Your objective:
The required output is all lines below that contain the word "unfolding".

The records:
lemma proj_eq_iff: "x \<noteq> 0 \<Longrightarrow> y \<noteq> 0 \<Longrightarrow> proj x = proj y \<longleftrightarrow> x * inverse y \<in> L"
  unfolding proj_def by (rule r_coset_mult_grp_eq_iff[OF is_subfield_L])

lemma proj_mult: "x \<noteq> 0 \<Longrightarrow> y \<noteq> 0 \<Longrightarrow> proj x \<otimes>\<^bsub>G\<^esub> proj y = proj (x * y)"
  using normal.rcos_sum[OF normal_L, of x y] by (simp add: proj_def FactGroup_def)

lemma proj_1: "proj 1 = L - {0}"
  by (simp add: proj_def r_coset_mult_grp)

lemma one_G: "\<one>\<^bsub>G\<^esub> = proj 1"
  by (simp add: proj_1 FactGroup_def)

lemma proj_pow: "x \<noteq> 0 \<Longrightarrow> proj x [^]\<^bsub>G\<^esub> (k::nat) = proj (x ^ k)"
proof -
  assume "x \<noteq> 0"
  have "proj (x [^]\<^bsub>mult_grp UNIV\<^esub> k) = proj x [^]\<^bsub>G\<^esub> k"
    unfolding proj_def
    by (rule hom_nat_pow[OF normal.r_coset_hom_Mod[OF normal_L]])
      (use \<open>x \<noteq> 0\<close> group_G comm_group.axioms(2)[OF comm_group_mult_grp[OF is_subfield_UNIV]] in auto)
  thus ?thesis by (simp add: mult_grp_pow)
qed

lemma power_card_L_minus_1: "l \<in> L \<Longrightarrow> l \<noteq> 0 \<Longrightarrow> l ^ (q ^ s - 1) = 1"
  using power_card_eq_1_if_mult_closed[of "L - {0}" l] is_subfield_L card_L
  by (auto simp: card_Diff_singleton is_subfield_def)
(* Let $p$ be a prime and $q\in\mathbb{N}$, and let $n=pq$ or $n=pq+1$. Then the fixed point space $C_n(\mathbb{C})^{\mathbb{Z}/p}$ is homeomorphic to $C_q(\mathbb{C}^* )$.
   Context: $C_n(Y)$ denotes the unordered configuration space of $n$ distinct points in $Y$. The group $\mathbb{Z}/p$, generated by $\zeta=e^{2\pi i/p}$, acts on $C_n(\mathbb{C})$ by rotation: $\{z_1,\dots,z_n\}\mapsto\{\zeta z_1,\dots,\zeta z_n\}$. *)

theory Defs
  imports "HOL-Analysis.Analysis" "HOL-Computational_Algebra.Primes"
begin

definition quotient_topology_of :: "'a topology \<Rightarrow> ('a \<Rightarrow> 'b) \<Rightarrow> 'b topology" where
  "quotient_topology_of X f =
     topology (\<lambda>U. U \<subseteq> f ` topspace X \<and> openin X {x \<in> topspace X. f x \<in> U})"

definition ord_conf :: "nat \<Rightarrow> 'a::topological_space set \<Rightarrow> (nat \<Rightarrow> 'a) topology" where
  "ord_conf n Y = subtopology (product_topology (\<lambda>i. subtopology euclidean Y) {..<n})
                     {f. inj_on f {..<n}}"

definition unord_conf :: "nat \<Rightarrow> 'a::topological_space set \<Rightarrow> 'a set topology" where
  "unord_conf n Y = quotient_topology_of (ord_conf n Y) (\<lambda>f. f ` {..<n})"

end

theory Submission
  imports Defs
begin

text \<open>
  Put \<zeta> = exp (2 \<pi> i / p). A configuration S invariant under z \<mapsto> \<zeta> z is a union of
  orbits {w, \<zeta> w, ..., \<zeta>^(p-1) w}; the orbit of a nonzero point has exactly p elements, so
  counting shows that S consists of q such orbits, together with the origin exactly when
  n = p q + 1. Hence S \<mapsto> {z^p | z \<in> S} - {0} is a bijection onto the configurations of q points
  in \<complex> - {0}, whose inverse sends T to the set of all p-th roots of points of T (and the origin
  if n = p q + 1). Both maps are continuous because locally they lift to continuous maps between
  ordered configurations: in one direction by fixing one point from each orbit and taking p-th
  powers, in the other by choosing continuous branches of the p-th root near each point of T.
\<close>

section \<open>Quotient topology\<close>

lemma istopology_quotient_topology_of:
  "istopology (\<lambda>U. U \<subseteq> f ` topspace X \<and> openin X {x \<in> topspace X. f x \<in> U})"
  unfolding istopology_def
proof (rule conjI; intro allI impI)
  fix S T
  assume "S \<subseteq> f ` topspace X \<and> openin X {x \<in> topspace X. f x \<in> S}"
    and "T \<subseteq> f ` topspace X \<and> openin X {x \<in> topspace X. f x \<in> T}"
  moreover have "{x \<in> topspace X. f x \<in> S \<inter> T} = {x \<in> topspace X. f x \<in> S} \<inter> {x \<in> topspace X. f x \<in> T}"
    by auto
  ultimately show "S \<inter> T \<subseteq> f ` topspace X \<and> openin X {x \<in> topspace X. f x \<in> S \<inter> T}"
    by auto
next
  fix K
  assume "\<forall>S\<in>K. S \<subseteq> f ` topspace X \<and> openin X {x \<in> topspace X. f x \<in> S}"
  moreover have "{x \<in> topspace X. f x \<in> \<Union>K} = (\<Union>S\<in>K. {x \<in> topspace X. f x \<in> S})"
    by auto
  ultimately show "\<Union>K \<subseteq> f ` topspace X \<and> openin X {x \<in> topspace X. f x \<in> \<Union>K}"
    by auto
qed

Task result:
  unfolding proj_def by (rule r_coset_mult_grp_eq_iff[OF is_subfield_L])
    unfolding proj_def
  unfolding istopology_def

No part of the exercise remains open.